— Aim of the exercise —
Pick out every line in the data below that holds "assumes".

— Data records —

(* Let $U\subseteq(\Sigma\Gamma)^*$ be a regular $(\Sigma\Gamma)^*$-prefix closed set and $T=U\Sigma^*\Gamma^*$. Then $\mathit{maxsync}(T,T)$ is regular.
   Context: $\Sigma,\Gamma$ are disjoint finite alphabets. A set $U\subseteq(\Sigma\Gamma)^*$ is $(\Sigma\Gamma)^*$-prefix closed if $uab\in U$ implies $u\in U$ for all $u\in(\Sigma\Gamma)^*$, $a\in\Sigma$, $b\in\Gamma$. For $w\in(\Sigma\cup\Gamma)^*$, $\llbracket w\rrbracket=(\pi_{\mathtt i}(w),\pi_{\mathtt o}(w))$ where $\pi_{\mathtt i}$ (resp. $\pi_{\mathtt o}$) deletes all letters of $\Gamma$ (resp. $\Sigma$). A shift of $w$ is a position $i\in\{1,\dots,|w|-1\}$ with exactly one of $w[i],w[i+1]$ in $\Sigma$, $\mathit{shift}(w)$ is the number of shifts, and $\mathrm{Reg}_{\mathsf{FS}}$ is the class of regular languages $L$ with $\sup_{w\in L}\mathit{shift}(w)<\infty$. For $x\in(\Sigma\cup\Gamma)^*$, $x^{-1}T=\{z:xz\in T\}$, and $w[1,i]$ is the prefix of $w$ of length $i$. For $w,w'\in T$ with $\llbracket w\rrbracket=\llbracket w'\rrbracket$, write $w\preceq_T w'$ if for all $i\le|w|$, $(w'[1,i])^{-1}T\in\mathrm{Reg}_{\mathsf{FS}}$ implies $(w[1,i])^{-1}T\in\mathrm{Reg}_{\mathsf{FS}}$. $\mathit{maxsync}(T,T)=\{w\in T:\ w'\preceq_T w\text{ for all }w'\in T\text{ with }\llbracket w'\rrbracket=\llbracket w\rrbracket\}$. *)

theory Defs
  imports Main
begin

definition lconc :: "'a list set \<Rightarrow> 'a list set \<Rightarrow> 'a list set" where
  "lconc A B = {u @ v | u v. u \<in> A \<and> v \<in> B}"

inductive_set lstar :: "'a list set \<Rightarrow> 'a list set" for A :: "'a list set" where
  lstar_Nil: "[] \<in> lstar A"
| lstar_app: "u \<in> A \<Longrightarrow> v \<in> lstar A \<Longrightarrow> u @ v \<in> lstar A"

inductive regular :: "'a list set \<Rightarrow> bool" where
  reg_empty: "regular {}"
| reg_eps: "regular {[]}"
| reg_letter: "regular {[a]}"
| reg_union: "regular A \<Longrightarrow> regular B \<Longrightarrow> regular (A \<union> B)"
| reg_conc: "regular A \<Longrightarrow> regular B \<Longrightarrow> regular (lconc A B)"
| reg_star: "regular A \<Longrightarrow> regular (lstar A)"
lemma coeff_mult_vec_poly:
  fixes x y :: "nat \<Rightarrow> 'a::comm_semiring_1"
  shows "coeff (vec_poly n x * vec_poly n y) k = (\<Sum>i<n. \<Sum>j<n. of_bool (i + j = k) * x i * y j)"
proof -
  have inner: "(\<Sum>j<n. of_bool (i + j = k) * x i * y j) = of_bool (i \<le> k \<and> k - i < n) * x i * y (k - i)" for i
  proof -
    have "{..<n} \<inter> {j. i + j = k} = (if i \<le> k \<and> k - i < n then {k - i} else {})"
      by auto
    then show ?thesis
      by (simp add: mult.assoc)
  qed
  have "coeff (vec_poly n x * vec_poly n y) k = (\<Sum>i\<le>k. of_bool (i < n \<and> k - i < n) * x i * y (k - i))"
    by (auto simp: coeff_mult coeff_vec_poly intro: sum.cong)
  also have "\<dots> = (\<Sum>i<n. of_bool (i \<le> k \<and> k - i < n) * x i * y (k - i))"
    by (rule sum.mono_neutral_cong) auto
  finally show ?thesis by (simp add: inner)
qed

lemma Bmap_eq_coeff_vec_poly:
  "Bmap n x y c = coeff (pCons 0 (vec_poly n x * vec_poly n y)) c"
  by (cases c) (simp_all add: Bmap_eq_double_sum coeff_mult_vec_poly)

lemma Cmap_eq_coeff_vec_poly: "Cmap n x x x c = coeff (vec_poly n x) c ^ 3"
  by (simp add: Cmap_def coeff_vec_poly power3_eq_cube)

lemma coeff_mult_eq_0_below:
  fixes p q :: "'a::comm_semiring_0 poly"
  assumes "\<forall>i<d. coeff q i = 0" and "k < d"
  shows "coeff (p * q) k = 0"
  using assms by (auto simp: coeff_mult intro!: sum.neutral)

lemma shifted_product_plus_power_coeffs_eq_0:
  fixes p q :: "'a::idom poly"
  assumes eq: "\<forall>c. coeff (pCons 0 (p * q)) c + lam * coeff q c ^ e = 0" and "q \<noteq> 0"
  shows "lam = 0 \<and> p = 0"
proof -
  define d where "d = (LEAST d. coeff q d \<noteq> 0)"
  have "\<exists>d. coeff q d \<noteq> 0"
    using \<open>q \<noteq> 0\<close> by (metis leading_coeff_0_iff)
  then have qd: "coeff q d \<noteq> 0"
    unfolding d_def by (rule LeastI_ex)
  have "\<forall>i<d. coeff q i = 0"
    unfolding d_def using not_less_Least by blast
  then have "coeff (pCons 0 (p * q)) d = 0"
    by (cases d) (auto intro: coeff_mult_eq_0_below)
  with eq qd have "lam = 0"
    by (metis add_0 mult_eq_0_iff power_eq_0_iff)
  with eq have "pCons 0 (p * q) = 0"
    by (intro poly_eqI) simp
  with \<open>q \<noteq> 0\<close> \<open>lam = 0\<close> show ?thesis
    by simp
qed

theorem theorem3p1:
  fixes n :: nat and v1 v2 v3 :: "nat \<Rightarrow> real" and lam :: real
  assumes "n \<ge> 1"
    and "\<forall>i\<ge>n. v1 i = 0" and "\<forall>i\<ge>n. v2 i = 0" and "\<forall>i\<ge>n. v3 i = 0"
    and "\<forall>m<3 * n. Dk n (fmap n) (\<lambda>_. 0) [v1] m + Dk n (fmap n) (\<lambda>_. 0) [v2, v3] m
                     + lam * Dk n (fmap n) (\<lambda>_. 0) [v3, v3, v3] m = 0"
    and "v3 \<noteq> (\<lambda>_. 0)"
  shows "v1 = (\<lambda>_. 0) \<and> v2 = (\<lambda>_. 0) \<and> lam = 0"
proof -
  let ?p = "vec_poly n v2" and ?q = "vec_poly n v3"
  have v1: "v1 m = 0" for m
    using assms(2) spec[OF assms(5), of m]
    by (cases "m < n") (simp_all add: Dk_fmap_one Dk_fmap_two Dk_fmap_three)
  have "Bmap n v2 v3 c + lam * Cmap n v3 v3 v3 c = 0" for c
  proof (cases "c < 2 * n")
    case True
    then show ?thesis
      using spec[OF assms(5), of "n + c"] by (simp add: Dk_fmap_one Dk_fmap_two Dk_fmap_three)
  qed (simp add: Bmap_def Cmap_def)
  then have "\<forall>c. coeff (pCons 0 (?p * ?q)) c + lam * coeff ?q c ^ 3 = 0"
    by (simp add: Bmap_eq_coeff_vec_poly Cmap_eq_coeff_vec_poly)
  moreover have "?q \<noteq> 0"
    using vec_poly_eq_0_iff[OF assms(4)] assms(6) by simp
  ultimately have "lam = 0 \<and> ?p = 0"
    by (rule shifted_product_plus_power_coeffs_eq_0)
  with v1 vec_poly_eq_0_iff[OF assms(3)] show ?thesis
    by auto
qed

end
(* Let $(X,d_X,\mu,T)$ and $(Y,d_Y,\nu,S)$ be compact metric measure-preserving systems with $T,S$ continuous, and fix anchor sequences $(a_r)$ dense in $\operatorname{supp}\mu$ and $(b_r)$ dense in $\operatorname{supp}\nu$. If the systems are not disjoint, then there are $n,m,R\ge1$ and a $1$-Lipschitz continuous function $\psi$ on the finite anchored array cube such that \[\sup_{\lambda\in\mathcal J(T,S)}\Bigl|\int\psi\,d\widetilde\Phi_{n,m,R}(\lambda)-\int\psi\,d\widetilde\Phi_{n,m,R}(\mu\otimes\nu)\Bigr|>0.\] In particular $\widetilde{\mathrm{Dep}}_{n,m,R,1}(X,Y)>0$ for some finite triple $(n,m,R)$.
   Context: A compact metric measure-preserving system $(X,d_X,\mu,T)$: $(X,d_X)$ compact metric, $\mu$ Borel probability, $T$ Borel with $T_\#\mu=\mu$. $\mathcal J(T,S)$: Borel probability measures on $X\times Y$ with marginals $\mu,\nu$ invariant under $T\times S$; disjoint means $\mathcal J(T,S)=\{\mu\otimes\nu\}$. For $z_i=(x_i,y_i)$: $\widetilde{\mathcal D}^X_{n,m,R}=\bigl((d_X(T^ax_i,T^bx_j))_{1\le i,j\le n,0\le a,b<m},(d_X(T^ax_i,a_r))_{1\le i\le n,0\le a<m,1\le r\le R}\bigr)$, $\widetilde{\mathcal D}^Y_{n,m,R}$ analogously with $d_Y,S,b_r$; these take values in a compact cube (the finite anchored array cube, with a product Euclidean metric), and $\widetilde\Phi_{n,m,R}(\lambda)=\mathrm{Law}_{\lambda^{\otimes n}}(\widetilde{\mathcal D}^X_{n,m,R},\widetilde{\mathcal D}^Y_{n,m,R})$. $\widetilde{\mathrm{Dep}}_{n,m,R,1}(X,Y)=\sup_{\lambda\in\mathcal J(T,S)}W_1(\widetilde\Phi_{n,m,R}(\lambda),\widetilde\Phi_{n,m,R}(\mu\otimes\nu))$, with $W_1$ the 1-Wasserstein distance on the array cube. *)

theory Defs
  imports "HOL-Probability.Probability"
begin

definition msupp :: "'a::metric_space measure \<Rightarrow> 'a set" where
  "msupp M = {x. \<forall>e>0. emeasure M (ball x e) > 0}"

definition joinings ::
  "'a::metric_space measure \<Rightarrow> 'b::metric_space measure \<Rightarrow> ('a \<Rightarrow> 'a) \<Rightarrow> ('b \<Rightarrow> 'b)
   \<Rightarrow> ('a \<times> 'b) measure set" where
  "joinings \<mu> \<nu> T S = {L. sets L = sets (borel :: ('a \<times> 'b) measure) \<and> prob_space L
      \<and> distr L \<mu> fst = \<mu> \<and> distr L \<nu> snd = \<nu>
      \<and> distr L L (map_prod T S) = L}"

definition disjoint_sys ::
  "'a::metric_space measure \<Rightarrow> 'b::metric_space measure \<Rightarrow> ('a \<Rightarrow> 'a) \<Rightarrow> ('b \<Rightarrow> 'b) \<Rightarrow> bool" where
  "disjoint_sys \<mu> \<nu> T S \<longleftrightarrow> joinings \<mu> \<nu> T S = {\<mu> \<Otimes>\<^sub>M \<nu>}"

text \<open>Coordinates of the anchored arrays (0-based: point index i<n, times p,q<m,
  anchor index r<R, where anchor r stands for the paper's a_{r+1}).\<close>
datatype aidx = XD nat nat nat nat | XA nat nat nat | YD nat nat nat nat | YA nat nat nat

definition arr_idx :: "nat \<Rightarrow> nat \<Rightarrow> nat \<Rightarrow> aidx set" where
  "arr_idx n m R =
     {XD i j p q | i j p q. i < n \<and> j < n \<and> p < m \<and> q < m}
   \<union> {XA i p r | i p r. i < n \<and> p < m \<and> r < R}
   \<union> {YD i j p q | i j p q. i < n \<and> j < n \<and> p < m \<and> q < m}
   \<union> {YA i p r | i p r. i < n \<and> p < m \<and> r < R}"

definition anch_arr ::
  "nat \<Rightarrow> nat \<Rightarrow> nat \<Rightarrow> ('a::metric_space \<Rightarrow> 'a) \<Rightarrow> ('b::metric_space \<Rightarrow> 'b)
   \<Rightarrow> (nat \<Rightarrow> 'a) \<Rightarrow> (nat \<Rightarrow> 'b) \<Rightarrow> (nat \<Rightarrow> 'a \<times> 'b) \<Rightarrow> (aidx \<Rightarrow> real)" where
  "anch_arr n m R T S a b z = restrict (\<lambda>k. case k of
       XD i j p q \<Rightarrow> dist ((T ^^ p) (fst (z i))) ((T ^^ q) (fst (z j)))
     | XA i p r \<Rightarrow> dist ((T ^^ p) (fst (z i))) (a r)
     | YD i j p q \<Rightarrow> dist ((S ^^ p) (snd (z i))) ((S ^^ q) (snd (z j)))
     | YA i p r \<Rightarrow> dist ((S ^^ p) (snd (z i))) (b r)) (arr_idx n m R)"

definition arr_space :: "nat \<Rightarrow> nat \<Rightarrow> nat \<Rightarrow> (aidx \<Rightarrow> real) measure" where
  "arr_space n m R = PiM (arr_idx n m R) (\<lambda>_. borel)"
(* (General exclusion rule for composite spin.) Consider a two-particle state of two particles with the same spin $s$, with total spin $S$ and total third component $M$, formed in a common canonical spin quantization frame as $$|S,M:(Q_a,\mathbf{p}_a,s)^1;(Q_b,\mathbf{p}_b,s)^2\rangle^C=\sum_{m_a,m_b}C^{ssS}_{m_a m_b M}\,|(Q_a,\mathbf{p}_a,s,m_a)^1;(Q_b,\mathbf{p}_b,s,m_b)^2\rangle^C .$$ Suppose all other quantum numbers of the two particles are identical: $\mathbf{p}_a=\mathbf{p}_b$ and $Q_a=Q_b$. Then the state vector vanishes whenever $S$ is odd. Hence only states of even total spin $S$ are allowed, for bosons and fermions alike. For $s=1/2$ this is the Pauli exclusion principle.
   Context: $C^{ssS}_{m_a m_b M}$ are the Clebsch–Gordan coefficients for coupling two spins $s$ to total spin $S$. They satisfy $C^{ssS}_{m_am_bM}=(-1)^{S-2s}C^{ssS}_{m_bm_aM}$. $|(Q_a,\mathbf{p}_a,s_a,m_a)^1;(Q_b,\mathbf{p}_b,s_b,m_b)^2\rangle^C$ denotes a single-valued but order-dependent two-particle state vector. In it, $Q$ denotes the intrinsic quantum numbers (rest mass, charge, etc.), $\mathbf{p}$ the momentum, $s$ the spin, and $m$ the third component of spin in a common canonical frame. Particle "1" has its spin frame rotation from its base frame into the canonical frame fixed as $R_a$, and particle "2"'s rotation is defined relative to it as $R_a R_{21}$ with $R_{21}=R_{\hat{\mathbf{k}}}(\pm\pi)$, a rotation by $\pi$ about the axis $\hat{\mathbf{k}}$ bisecting the two momenta. Under exchange of the variables $a\leftrightarrow b$, keeping the labels $1,2$ fixed, these vectors satisfy $$|(Q_b,\mathbf{p}_b,s_b,m_b)^1;(Q_a,\mathbf{p}_a,s_a,m_a)^2\rangle^C=(-1)^{2s_a}|(Q_a,\mathbf{p}_a,s_a,m_a)^1;(Q_b,\mathbf{p}_b,s_b,m_b)^2\rangle^C .$$ *)

theory Defs
  imports "HOL-Analysis.Analysis"
begin

definition is_spin :: "real \<Rightarrow> bool" where
  "is_spin s \<longleftrightarrow> 2 * s \<in> \<nat>"

definition projections :: "real \<Rightarrow> real set" where
  "projections s = {- s + real k | k. real k \<le> 2 * s}"

definition phase :: "real \<Rightarrow> real" where
  "phase x = (-1) powi \<lfloor>x\<rfloor>"

text \<open>Order-dependent two-particle kets are modelled by a function
  ket Qa pa sa ma Qb pb sb mb = |(Qa,pa,sa,ma)^1;(Qb,pb,sb,mb)^2>^C
  with values in a complex vector space.
  Clebsch-Gordan coefficients: CG j1 j2 J m1 m2 M = C^{j1 j2 J}_{m1 m2 M}.\<close>

definition coupled_state ::
  "(real \<Rightarrow> real \<Rightarrow> real \<Rightarrow> real \<Rightarrow> real \<Rightarrow> real \<Rightarrow> real)
   \<Rightarrow> ('q \<Rightarrow> real^3 \<Rightarrow> real \<Rightarrow> real \<Rightarrow> 'q \<Rightarrow> real^3 \<Rightarrow> real \<Rightarrow> real \<Rightarrow> 'v::real_vector)
   \<Rightarrow> real \<Rightarrow> real \<Rightarrow> 'q \<Rightarrow> real^3 \<Rightarrow> real \<Rightarrow> 'q \<Rightarrow> real^3 \<Rightarrow> 'v" where
  "coupled_state CG ket S M Qa pa s Qb pb =
     (\<Sum>ma\<in>projections s. \<Sum>mb\<in>projections s.
        CG s s S ma mb M *\<^sub>R ket Qa pa s ma Qb pb s mb)"

end

theory Submission
  imports Defs
begin

text \<open>For identical momenta and intrinsic quantum numbers, swapping the summation indices
  of the coupled state and then using the symmetry of the Clebsch-Gordan coefficients and
  the exchange law of the kets multiplies each term by
  (-1)^(S-2s) (-1)^(2s) = (-1)^S. For odd S the double sum therefore equals its own
  negative, so it vanishes.\<close>

lemma phase_add:
  assumes "x \<in> \<int>" and "y \<in> \<int>"
  shows "phase (x + y) = phase x * phase y"
proof -
  from assms obtain i j where "x = of_int i" and "y = of_int j"
    by (auto elim!: Ints_cases)
  then show ?thesis
    unfolding phase_def by (simp flip: of_int_add add: power_int_add)
qed

lemma phase_of_nat_odd: "odd n \<Longrightarrow> phase (real n) = -1"
  unfolding phase_def by (simp add: power_int_of_nat)

lemma is_spin_double_Ints: "is_spin s \<Longrightarrow> 2 * s \<in> \<int>"
  unfolding is_spin_def by (auto elim!: Nats_cases)

lemma sum_sum_antisymmetric_eq_0:
  fixes f :: "'a \<Rightarrow> 'a \<Rightarrow> 'v::real_vector"
  assumes antisym: "\<And>a b. a \<in> A \<Longrightarrow> b \<in> A \<Longrightarrow> f a b = - f b a"
  shows "(\<Sum>a\<in>A. \<Sum>b\<in>A. f a b) = 0"
proof -
  let ?X = "\<Sum>a\<in>A. \<Sum>b\<in>A. f a b"
  have "?X = (\<Sum>b\<in>A. \<Sum>a\<in>A. f a b)"
    by (rule sum.swap)
  also have "\<dots> = (\<Sum>b\<in>A. \<Sum>a\<in>A. - f b a)"
    by (auto intro!: sum.cong antisym)
  also have "\<dots> = - ?X"
    by (simp add: sum_negf)
  finally show ?thesis
    by (simp add: eq_neg_iff_add_eq_0 flip: scaleR_2)
qed

theorem mainTheorem2:
  fixes CG :: "real \<Rightarrow> real \<Rightarrow> real \<Rightarrow> real \<Rightarrow> real \<Rightarrow> real \<Rightarrow> real"
    and ket :: "'q \<Rightarrow> real^3 \<Rightarrow> real \<Rightarrow> real \<Rightarrow> 'q \<Rightarrow> real^3 \<Rightarrow> real \<Rightarrow> real \<Rightarrow> 'v::real_vector"
    and s :: real and S :: nat and M :: real
    and Qa Qb :: 'q and pa pb :: "real^3"
  assumes spin: "is_spin s"
    and CG_sym: "\<And>ma mb. ma \<in> projections s \<Longrightarrow> mb \<in> projections s \<Longrightarrow>
                   CG s s (real S) ma mb M = phase (real S - 2 * s) * CG s s (real S) mb ma M"
    and exchange: "\<And>Q1 p1 s1 m1 Q2 p2 s2 m2.
                   is_spin s1 \<Longrightarrow> is_spin s2 \<Longrightarrow> m1 \<in> projections s1 \<Longrightarrow> m2 \<in> projections s2 \<Longrightarrow>
                   ket Q2 p2 s2 m2 Q1 p1 s1 m1 = phase (2 * s1) *\<^sub>R ket Q1 p1 s1 m1 Q2 p2 s2 m2"
    and same_p: "pa = pb" and same_Q: "Qa = Qb"
    and S_odd: "odd S"
  shows "coupled_state CG ket (real S) M Qa pa s Qb pb = 0"
proof -
  have "phase (real S - 2 * s) * phase (2 * s) = phase (real S)"
    using phase_add[of "real S - 2 * s" "2 * s"] is_spin_double_Ints[OF spin] by simp
  also have "\<dots> = -1"
    using S_odd by (rule phase_of_nat_odd)
  finally have total_phase: "phase (real S - 2 * s) * phase (2 * s) = -1" .
  let ?term = "\<lambda>a b. CG s s (real S) a b M *\<^sub>R ket Qa pa s a Qa pa s b"
  have "?term a b = - ?term b a" if "a \<in> projections s" and "b \<in> projections s" for a b
  proof -
    have "?term a b = (phase (real S - 2 * s) * CG s s (real S) b a M)
                        *\<^sub>R (phase (2 * s) *\<^sub>R ket Qa pa s b Qa pa s a)"
      using CG_sym[OF that] exchange[OF spin spin that(2,1), of Qa pa Qa pa] by simp
    also have "\<dots> = (phase (real S - 2 * s) * phase (2 * s)) *\<^sub>R ?term b a"
      by (simp add: ac_simps)
    finally show ?thesis
      using total_phase by simp
  qed
  then show ?thesis
    unfolding coupled_state_def same_p [symmetric] same_Q [symmetric]
    by (rule sum_sum_antisymmetric_eq_0)
qed

end
text \<open>
  Since q is even, the polar form of Q_mu is B_0 + mu (X_2n Y_2n+1 + X_2n+1 Y_2n). On a generator W
  that is totally isotropic for perp_0 both polar forms vanish, so the projection of W to the
  coordinates (X_2n, X_2n+1) is totally isotropic for a nondegenerate alternating form on the plane.
  Hence it has at most q elements and its kernel K has at least q^(n-1) vectors. On K the quadric
  degenerates to the elliptic form X_1^2 + X_1 X_2n+2 + delta X_2n+2^2 + sum_(i=4..n+1) X_i X_2n+3-i,
  whose radical is the line l = <e_2, e_3> and whose totally singular subgroups have at most q^(n-2)
  elements. So K cannot inject into the quotient by l: every such generator contains a point of l.
  Pairwise disjoint generators contain distinct points of l, and l has q + 1 points. Dimension
  bounds are replaced throughout by counting vectors.
\<close>

lemma even_card_fixpoint_free_involution:
  assumes "\<And>x. x \<in> X \<Longrightarrow> h x \<in> X" "\<And>x. x \<in> X \<Longrightarrow> h (h x) = x" "\<And>x. x \<in> X \<Longrightarrow> h x \<noteq> x"
  shows "even (card X)"
proof -
  \<comment> \<open>count modulo 2, in the two-element ring \<open>2\<close> of \<open>Numeral_Type\<close>\<close>
  have "(\<Sum>x\<in>X. 1 :: 2) = 0"
    by (rule sum_involution_eq_0[where h = h]) (use assms in auto)
  then show ?thesis
    by (simp add: of_nat_eq_0_iff_char_dvd)
qed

— Result of the task —
  assumes "\<forall>i<d. coeff q i = 0" and "k < d"
  assumes eq: "\<forall>c. coeff (pCons 0 (p * q)) c + lam * coeff q c ^ e = 0" and "q \<noteq> 0"
  assumes "n \<ge> 1"
  assumes "x \<in> \<int>" and "y \<in> \<int>"
  assumes antisym: "\<And>a b. a \<in> A \<Longrightarrow> b \<in> A \<Longrightarrow> f a b = - f b a"
  assumes spin: "is_spin s"
  assumes "\<And>x. x \<in> X \<Longrightarrow> h x \<in> X" "\<And>x. x \<in> X \<Longrightarrow> h (h x) = x" "\<And>x. x \<in> X \<Longrightarrow> h x \<noteq> x"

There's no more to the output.